Chowdhury Saiful M, Zhu Xuewei, Aloor Jim J, Azzam Kathleen M, Gabor Kristin A, Ge William, Addo Kezia A, Tomer Kenneth B, Parks John S, Fessler Michael B
From the ‡Laboratory of Respiratory Biology and.
¶Section on Molecular Medicine, Department of Internal Medicine, Wake Forest School of Medicine, Winston-Salem, NC 27157.
Mol Cell Proteomics. 2015 Jul;14(7):1859-70. doi: 10.1074/mcp.M114.045179. Epub 2015 Apr 24.

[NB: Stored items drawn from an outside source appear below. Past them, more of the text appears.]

(* The graph $G_p$ is isomorphic to the Cayley graph $\mathrm{Cay}(S_4,\mathcal{C})$, where $\mathcal{C}$ is the set of elements of order exactly $2$ in the symmetric group $S_4$.
   Context: For a group $G$ and an inverse-closed subset $\mathcal{C}\subseteq G$ not containing the identity, the Cayley graph $\mathrm{Cay}(G,\mathcal{C})$ has vertex set $G$, with $g$ and $h$ adjacent iff $hg^{-1}\in\mathcal{C}$. $G_p$ is the orthogonality graph of the following 24 vectors in $\mathbb{R}^4$ (vertices are the vectors; two are adjacent iff their standard inner product is $0$): $(1,0,0,0),(0,1,0,0),(0,0,1,0),(0,0,0,1)$; $(0,1,1,0),(1,0,0,-1),(1,0,0,1),(0,1,-1,0)$; $(1,1,1,1),(1,-1,1,-1),(1,-1,-1,1),(1,1,-1,-1)$; $(1,-1,0,0),(1,1,0,0),(0,0,1,1),(0,0,1,-1)$; $(-1,1,1,1),(1,1,1,-1),(1,-1,1,1),(1,1,-1,1)$; $(1,0,1,0),(0,1,0,1),(1,0,-1,0),(0,1,0,-1)$. *)

theory Defs
  imports "HOL-Algebra.Sym_Groups" "HOL-Algebra.Multiplicative_Group"
begin

definition Gp_vectors :: "real list list" where
  "Gp_vectors =
    [[1,0,0,0],[0,1,0,0],[0,0,1,0],[0,0,0,1],
     [0,1,1,0],[1,0,0,-1],[1,0,0,1],[0,1,-1,0],
     [1,1,1,1],[1,-1,1,-1],[1,-1,-1,1],[1,1,-1,-1],
     [1,-1,0,0],[1,1,0,0],[0,0,1,1],[0,0,1,-1],
     [-1,1,1,1],[1,1,1,-1],[1,-1,1,1],[1,1,-1,1],
     [1,0,1,0],[0,1,0,1],[1,0,-1,0],[0,1,0,-1]]"

definition Gp_V :: "real list set" where
  "Gp_V = set Gp_vectors"

definition inner_list :: "real list \<Rightarrow> real list \<Rightarrow> real" where
  "inner_list u v = (\<Sum>(a, b) \<leftarrow> zip u v. a * b)"

definition Gp_adj :: "real list \<Rightarrow> real list \<Rightarrow> bool" where
  "Gp_adj u v \<longleftrightarrow> inner_list u v = 0"

definition cayley_adj :: "('a, 'b) monoid_scheme \<Rightarrow> 'a set \<Rightarrow> 'a \<Rightarrow> 'a \<Rightarrow> bool" where
  "cayley_adj G C g h \<longleftrightarrow> h \<otimes>\<^bsub>G\<^esub> inv\<^bsub>G\<^esub> g \<in> C"

definition graph_iso :: "'a set \<Rightarrow> ('a \<Rightarrow> 'a \<Rightarrow> bool) \<Rightarrow> 'b set \<Rightarrow> ('b \<Rightarrow> 'b \<Rightarrow> bool) \<Rightarrow> bool" where
  "graph_iso V E W F \<longleftrightarrow>
     (\<exists>f. bij_betw f V W \<and> (\<forall>u\<in>V. \<forall>v\<in>V. E u v \<longleftrightarrow> F (f u) (f v)))"

definition S4_order2 :: "(nat \<Rightarrow> nat) set" where
  "S4_order2 = {g \<in> carrier (sym_group 4). group.ord (sym_group 4) g = 2}"

end

theory Submission
  imports Defs "HOL-Combinatorics.Multiset_Permutations"
begin

text \<open>The 24 vectors fall into six orthogonal bases, i.e. six 4-cliques of \<open>G\<^sub>p\<close>. In
  \<open>Cay(S\<^sub>4, C)\<close> the cosets of the Klein four-group \<open>V\<^sub>4\<close> are 4-cliques, because two elements
  of a coset differ by an element of \<open>V\<^sub>4 - {1}\<close>, all of which are involutions. An explicit
  labelling of the vectors by permutations, sending the bases to the cosets, is then checked
  to be a graph isomorphism by computation. To make that computation inverse-free, adjacency
  of \<open>g\<close> and \<open>h\<close> in the Cayley graph is rewritten as: \<open>g \<noteq> h\<close>, and \<open>g x = h j\<close> implies
  \<open>h x = g j\<close>.\<close>

lemma graph_iso_via_bij:
  assumes "graph_iso V E W (\<lambda>a b. F (g a) (g b))" and "bij_betw g W X"
  shows "graph_iso V E X F"
proof -
  obtain f where f: "bij_betw f V W" and adj: "\<forall>u\<in>V. \<forall>v\<in>V. E u v \<longleftrightarrow> F (g (f u)) (g (f v))"
    using assms(1) unfolding graph_iso_def by blast
  have "bij_betw (g \<circ> f) V X"
    using f assms(2) by (rule bij_betw_trans)
  with adj show ?thesis
    unfolding graph_iso_def by auto
qed

lemma graph_iso_zip:
  assumes "distinct xs" and "distinct ys" and "length xs = length ys"
    and "\<And>u a v b. (u, a) \<in> set (zip xs ys) \<Longrightarrow> (v, b) \<in> set (zip xs ys) \<Longrightarrow>
      E u v \<longleftrightarrow> F a b"
  shows "graph_iso (set xs) E (set ys) F"
proof -
  define f where "f u = the (map_of (zip xs ys) u)" for u
  have f_nth: "f (xs ! i) = ys ! i" if "i < length xs" for i
    using map_of_zip_nth[OF assms(3,1)] that assms(3) by (simp add: f_def)
  have pair: "(xs ! i, ys ! i) \<in> set (zip xs ys)" if "i < length xs" for i
    using that assms(3) by (metis in_set_zip fst_conv snd_conv)
  have "bij_betw f (set xs) (set ys)"
  proof (rule bij_betw_imageI)
    show "inj_on f (set xs)"
      using assms(2,3) f_nth by (auto simp: inj_on_def in_set_conv_nth nth_eq_iff_index_eq)
    have "f ` set xs = f ` (!) xs ` {..<length xs}"
      by (auto simp: set_conv_nth)
    also have "\<dots> = (!) ys ` {..<length ys}"
      using assms(3) f_nth by (simp add: image_image)
    also have "\<dots> = set ys"
      by (auto simp: set_conv_nth)
    finally show "f ` set xs = set ys" .
  qed
  moreover have "E (xs ! i) (xs ! j) \<longleftrightarrow> F (f (xs ! i)) (f (xs ! j))"
    if "i < length xs" "j < length xs" for i j
    using assms(4)[OF pair[OF that(1)] pair[OF that(2)]] f_nth that by simp
  ultimately show ?thesis
    unfolding graph_iso_def by (metis in_set_conv_nth)
qed

lemma (in group) ord_eq_2_iff:
  assumes "x \<in> carrier G"
  shows "ord x = 2 \<longleftrightarrow> x \<noteq> \<one> \<and> x \<otimes> x = \<one>"
proof -
  have "x \<otimes> x = x [^] (2::nat)"
    using assms by (simp add: numeral_2_eq_2)
  moreover have "d dvd 2 \<longleftrightarrow> d = 1 \<or> d = 2" for d :: nat
    using dvd_imp_le[of d 2] by (auto simp: le_Suc_eq numeral_2_eq_2)
  ultimately show ?thesis
    using ord_eq_1[OF assms] pow_eq_id[OF assms, of 2] by auto
qed

lemma comp_inv_eq_id_iff:
  assumes "bij g"
  shows "h \<circ> inv' g = id \<longleftrightarrow> h = g"
proof
  assume "h \<circ> inv' g = id"
  then have "(h \<circ> inv' g) \<circ> g = g"
    by simp
  then show "h = g"
    using assms by (simp add: comp_assoc bij_is_inj)
qed (use assms in \<open>simp add: bij_is_surj flip: surj_iff\<close>)

lemma comp_inv_involution_iff:
  assumes "bij g"
  shows "(h \<circ> inv' g) \<circ> (h \<circ> inv' g) = id \<longleftrightarrow> (\<forall>x j. g x = h j \<longrightarrow> h x = g j)"
proof -
  have "(h \<circ> inv' g) \<circ> (h \<circ> inv' g) = id \<longleftrightarrow> (\<forall>j. h (inv' g (h (inv' g (g j)))) = g j)"
    using bij_is_surj[OF assms] by (auto simp: fun_eq_iff) (metis surj_f_inv_f)
  also have "\<dots> \<longleftrightarrow> (\<forall>j. h (inv' g (h j)) = g j)"
    using assms by (simp add: bij_is_inj)
  also have "\<dots> \<longleftrightarrow> (\<forall>x j. g x = h j \<longrightarrow> h x = g j)"
  proof -
    have "g x = h j \<longleftrightarrow> x = inv' g (h j)" for x j
      using bij_inv_eq_iff[OF assms] by metis
    then show ?thesis
      by auto
  qed
  finally show ?thesis .
qed

lemma permutes_exchange_condition_on:
  assumes g: "g permutes S" and h: "h permutes S"
  shows "(\<forall>x j. g x = h j \<longrightarrow> h x = g j) \<longleftrightarrow> (\<forall>x\<in>S. \<forall>j\<in>S. g x = h j \<longrightarrow> h x = g j)"
proof -
  have "h x = g j" if "g x = h j" "j \<notin> S" for x j
  proof -
    have "h j = j" "g j = j"
      using that(2) g h by (simp_all add: permutes_not_in)
    then have "x \<notin> S"
      using that g by (metis permutes_in_image)
    then show ?thesis
      using that g h by (simp add: permutes_not_in)
  qed
  moreover have "x \<in> S" if "g x = h j" "j \<in> S" for x j
    using that g h by (metis permutes_in_image)
  ultimately show ?thesis
    by blast
qed

lemma cayley_adj_sym_group_order_2_iff:
  assumes g: "g \<in> carrier (sym_group n)" and h: "h \<in> carrier (sym_group n)"
  shows "cayley_adj (sym_group n) {k \<in> carrier (sym_group n). group.ord (sym_group n) k = 2} g h
     \<longleftrightarrow> g \<noteq> h \<and> (\<forall>x\<in>{1..n}. \<forall>j\<in>{1..n}. g x = h j \<longrightarrow> h x = g j)"
proof -
  interpret group "sym_group n"
    by (rule sym_group_is_group)
  have g_perm: "g permutes {1..n}" and h_perm: "h permutes {1..n}"
    using g h by (simp_all add: sym_group_carrier)
  then have "bij g"
    by (simp add: permutes_bij)
  have "h \<otimes>\<^bsub>sym_group n\<^esub> inv\<^bsub>sym_group n\<^esub> g = h \<circ> inv' g"
    using g by (simp add: sym_group_mult)
  moreover have "h \<circ> inv' g \<in> carrier (sym_group n)"
    using permutes_compose[OF permutes_inv[OF g_perm] h_perm] by (simp add: sym_group_carrier)
  ultimately show ?thesis
    unfolding cayley_adj_def
    using ord_eq_2_iff comp_inv_eq_id_iff[OF \<open>bij g\<close>] comp_inv_involution_iff[OF \<open>bij g\<close>]
      permutes_exchange_condition_on[OF g_perm h_perm]
    by (auto simp: sym_group_mult sym_group_one)
qed

definition perm_of_list :: "nat list \<Rightarrow> nat \<Rightarrow> nat" where
  "perm_of_list a i = (if 1 \<le> i \<and> i \<le> length a then a ! (i - 1) else i)"

lemma perm_of_list_permutes:
  assumes "a \<in> permutations_of_set {1..n}"
  shows "perm_of_list a permutes {1..n}"
proof (rule bij_imp_permutes)
  have length: "length a = n"
    using length_finite_permutations_of_set[OF assms] by simp
  have "perm_of_list a ` {1..n} = (!) a ` {..<n}"
    using length by (force simp: perm_of_list_def image_iff Bex_def intro: exI[of _ "Suc _"])
  then have image: "perm_of_list a ` {1..n} = {1..n}"
    using length permutations_of_setD(1)[OF assms] by (auto simp: set_conv_nth)
  then have "inj_on (perm_of_list a) {1..n}"
    by (simp add: eq_card_imp_inj_on)
  with image show "bij_betw (perm_of_list a) {1..n} {1..n}"
    by (simp add: bij_betw_def)
  show "perm_of_list a x = x" if "x \<notin> {1..n}" for x
    using that length by (auto simp: perm_of_list_def)
qed

lemma inj_on_perm_of_list: "inj_on perm_of_list {a. length a = n}"
proof
  fix a b :: "nat list"
  assume "a \<in> {a. length a = n}" "b \<in> {a. length a = n}"
  then have length_eq: "length a = length b"
    by simp
  assume perm_eq: "perm_of_list a = perm_of_list b"
  have "a ! k = b ! k" if "k < length a" for k
  proof -
    have "perm_of_list a (Suc k) = perm_of_list b (Suc k)"
      by (simp add: perm_eq)
    then show ?thesis
      using that length_eq by (simp add: perm_of_list_def)
  qed
  with length_eq show "a = b"
    by (simp add: nth_equalityI)
qed

lemma bij_betw_perm_of_list:
  "bij_betw perm_of_list (permutations_of_set {1..n}) (carrier (sym_group n))"
proof -
  have "inj_on perm_of_list (permutations_of_set {1..n})"
    by (rule inj_on_subset[OF inj_on_perm_of_list])
      (auto dest: length_finite_permutations_of_set)
  moreover have "perm_of_list ` permutations_of_set {1..n} \<subseteq> carrier (sym_group n)"
    by (rule image_subsetI) (unfold sym_group_carrier, erule perm_of_list_permutes)
  moreover have "card (permutations_of_set {1..n}) = card (carrier (sym_group n))"
    by (simp add: sym_group_card_carrier)
  moreover have "finite (carrier (sym_group n))"
    by (simp add: sym_group_def finite_permutations)
  ultimately show ?thesis
    by (simp add: bij_betw_def card_image card_subset_eq)
qed

lemma cayley_adj_sym_group_perm_of_list_iff:
  assumes a: "a \<in> permutations_of_set {1..n}" and b: "b \<in> permutations_of_set {1..n}"
  shows "cayley_adj (sym_group n) {k \<in> carrier (sym_group n). group.ord (sym_group n) k = 2}
      (perm_of_list a) (perm_of_list b)
    \<longleftrightarrow> a \<noteq> b \<and> (\<forall>x<n. \<forall>j<n. a ! x = b ! j \<longrightarrow> b ! x = a ! j)"
proof -
  let ?p = "perm_of_list a" and ?q = "perm_of_list b"
  have length: "length a = n" "length b = n"
    using a b by (simp_all add: length_finite_permutations_of_set)
  have "?p \<in> carrier (sym_group n)" "?q \<in> carrier (sym_group n)"
    using a b bij_betw_perm_of_list[of n] by (auto simp: bij_betw_def)
  then have "cayley_adj (sym_group n) {k \<in> carrier (sym_group n). group.ord (sym_group n) k = 2} ?p ?q
      \<longleftrightarrow> ?p \<noteq> ?q \<and> (\<forall>x\<in>{1..n}. \<forall>j\<in>{1..n}. ?p x = ?q j \<longrightarrow> ?q x = ?p j)"
    by (rule cayley_adj_sym_group_order_2_iff)
  also have "\<dots> \<longleftrightarrow> a \<noteq> b \<and>
      (\<forall>x<n. \<forall>j<n. ?p (Suc x) = ?q (Suc j) \<longrightarrow> ?q (Suc x) = ?p (Suc j))"
  proof -
    have "?p = ?q \<longleftrightarrow> a = b"
      using a b bij_betw_perm_of_list[of n] by (auto simp: bij_betw_def inj_on_eq_iff)
    moreover have "(\<forall>x\<in>{1..n}. P x) \<longleftrightarrow> (\<forall>x<n. P (Suc x))" for P
      unfolding image_Suc_lessThan[symmetric] by (simp add: lessThan_def)
    ultimately show ?thesis
      by simp
  qed
  also have "\<dots> \<longleftrightarrow> a \<noteq> b \<and> (\<forall>x<n. \<forall>j<n. a ! x = b ! j \<longrightarrow> b ! x = a ! j)"
    using length by (auto simp: perm_of_list_def)
  finally show ?thesis .
qed

text \<open>The \<open>i\<close>-th entry labels the \<open>i\<close>-th vector of \<open>Gp_vectors\<close>; each block of four
  consecutive entries is a coset of the Klein four-group, formed by the first block.\<close>

definition Gp_labels :: "nat list list" where
  "Gp_labels =
    [[1,2,3,4],[2,1,4,3],[3,4,1,2],[4,3,2,1],
     [1,3,2,4],[2,4,1,3],[3,1,4,2],[4,2,3,1],
     [2,4,3,1],[1,3,4,2],[4,2,1,3],[3,1,2,4],
     [3,4,2,1],[4,3,1,2],[1,2,4,3],[2,1,3,4],
     [4,1,3,2],[3,2,4,1],[2,3,1,4],[1,4,2,3],
     [4,1,2,3],[3,2,1,4],[2,3,4,1],[1,4,3,2]]"

lemma set_Gp_labels: "set Gp_labels = permutations_of_set {1..4}"
proof (rule card_subset_eq)
  have "{1..4::nat} = {1,2,3,4}"
    by auto
  then show "set Gp_labels \<subseteq> permutations_of_set {1..4}"
    by (simp add: Gp_labels_def permutations_of_set_def insert_commute)
  show "card (set Gp_labels) = card (permutations_of_set {1..4::nat})"
    by (simp add: Gp_labels_def fact_numeral)
qed simp

lemma Gp_adj_iff_Gp_labels:
  "\<forall>(u, a)\<in>set (zip Gp_vectors Gp_labels). \<forall>(v, b)\<in>set (zip Gp_vectors Gp_labels).
     Gp_adj u v \<longleftrightarrow> a \<noteq> b \<and> (\<forall>x<4. \<forall>j<4. a ! x = b ! j \<longrightarrow> b ! x = a ! j)"
proof -
  have "(\<forall>x<4. P x) \<longleftrightarrow> (\<forall>x\<in>{0,1,2,3}. P x)" for P :: "nat \<Rightarrow> bool"
    by (auto simp: numeral_eq_Suc less_Suc_eq)
  then show ?thesis
    by (simp add: Gp_vectors_def Gp_labels_def Gp_adj_def inner_list_def)
qed

lemma Gp_adj_iff_cayley_adj:
  assumes "(u, a) \<in> set (zip Gp_vectors Gp_labels)" and "(v, b) \<in> set (zip Gp_vectors Gp_labels)"
  shows "Gp_adj u v \<longleftrightarrow> cayley_adj (sym_group 4) S4_order2 (perm_of_list a) (perm_of_list b)"
proof -
  have "a \<in> permutations_of_set {1..4}" "b \<in> permutations_of_set {1..4}"
    using set_zip_rightD[OF assms(1)] set_zip_rightD[OF assms(2)] by (simp_all add: set_Gp_labels)
  moreover have "Gp_adj u v \<longleftrightarrow> a \<noteq> b \<and> (\<forall>x<4. \<forall>j<4. a ! x = b ! j \<longrightarrow> b ! x = a ! j)"
    using bspec[OF bspec[OF Gp_adj_iff_Gp_labels assms(1), simplified] assms(2)] by simp
  ultimately show ?thesis
    unfolding S4_order2_def by (simp add: cayley_adj_sym_group_perm_of_list_iff)
qed

theorem mainTheorem2:
  shows "graph_iso Gp_V Gp_adj (carrier (sym_group 4)) (cayley_adj (sym_group 4) S4_order2)"
proof (rule graph_iso_via_bij)
  show "bij_betw perm_of_list (set Gp_labels) (carrier (sym_group 4))"
    unfolding set_Gp_labels by (rule bij_betw_perm_of_list)
  have "distinct Gp_vectors" "distinct Gp_labels" "length Gp_vectors = length Gp_labels"
    by (simp_all add: Gp_vectors_def Gp_labels_def)
  then show "graph_iso Gp_V Gp_adj (set Gp_labels)
      (\<lambda>a b. cayley_adj (sym_group 4) S4_order2 (perm_of_list a) (perm_of_list b))"
    unfolding Gp_V_def using Gp_adj_iff_cayley_adj by (rule graph_iso_zip)
qed

end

Lipid raft membrane microdomains organize signaling by many prototypical receptors, including the Toll-like receptors (TLRs) of the innate immune system. Raft-localization of proteins is widely thought to be regulated by raft cholesterol levels, but this is largely on the basis of studies that have manipulated cell cholesterol using crude and poorly specific chemical tools, such as β-cyclodextrins. To date, there has been no proteome-scale investigation of whether endogenous regulators of intracellular cholesterol trafficking, such as the ATP binding cassette (ABC)A1 lipid efflux transporter, regulate targeting of proteins to rafts. Abca1(-/-) macrophages have cholesterol-laden rafts that have been reported to contain increased levels of select proteins, including TLR4, the lipopolysaccharide receptor. Here, using quantitative proteomic profiling, we identified 383 proteins in raft isolates from Abca1(+/+) and Abca1(-/-) macrophages. ABCA1 deletion induced wide-ranging changes to the raft proteome. Remarkably, many of these changes were similar to those seen in Abca1(+/+) macrophages after lipopolysaccharide exposure. Stomatin-like protein (SLP)-2, a member of the stomatin-prohibitin-flotillin-HflK/C family of membrane scaffolding proteins, was robustly and specifically increased in Abca1(-/-) rafts. Pursuing SLP-2 function, we found that rafts of SLP-2-silenced macrophages had markedly abnormal composition. SLP-2 silencing did not compromise ABCA1-dependent cholesterol efflux but reduced macrophage responsiveness to multiple TLR ligands. This was associated with reduced raft levels of the TLR co-receptor, CD14, and defective lipopolysaccharide-induced recruitment of the common TLR adaptor, MyD88, to rafts. Taken together, we show that the lipid transporter ABCA1 regulates the protein repertoire of rafts and identify SLP-2 as an ABCA1-dependent regulator of raft composition and of the innate immune response.
脂筏膜微区通过许多典型受体来组织信号传导,包括先天免疫系统的Toll样受体(TLR)。蛋白质在脂筏中的定位普遍被认为受脂筏胆固醇水平的调节,但这在很大程度上是基于使用如β - 环糊精等粗糙且特异性差的化学工具来操纵细胞胆固醇的研究。迄今为止,尚未有关于细胞内胆固醇转运的内源性调节因子,如ATP结合盒(ABC)A1脂质外流转运蛋白,是否调节蛋白质靶向脂筏的蛋白质组规模的研究。据报道,Abca1(-/-)巨噬细胞具有富含胆固醇的脂筏,其中某些蛋白质的水平有所增加,包括脂多糖受体TLR4。在这里,我们使用定量蛋白质组分析,在来自Abca1(+/+)和Abca1(-/-)巨噬细胞的脂筏分离物中鉴定出383种蛋白质。ABCA1的缺失引起了脂筏蛋白质组的广泛变化。值得注意的是,其中许多变化与脂多糖暴露后Abca1(+/+)巨噬细胞中观察到的变化相似。类stomatin蛋白(SLP)-2是膜支架蛋白的stomatin - prohibitin - flotillin - HflK/C家族的成员,在Abca1(-/-)脂筏中显著且特异性地增加。在研究SLP - 2的功能时,我们发现SLP - 2沉默的巨噬细胞的脂筏具有明显异常的组成。SLP - 2沉默并不损害ABCA1依赖性胆固醇外流,但降低了巨噬细胞对多种TLR配体的反应性。这与TLR共受体CD14的脂筏水平降低以及脂多糖诱导的常见TLR衔接蛋白MyD88向脂筏的募集缺陷有关。综上所述,我们表明脂质转运蛋白ABCA1调节脂筏的蛋白质组成,并确定SLP - 2是一种依赖ABCA1的脂筏组成和先天免疫反应的调节因子。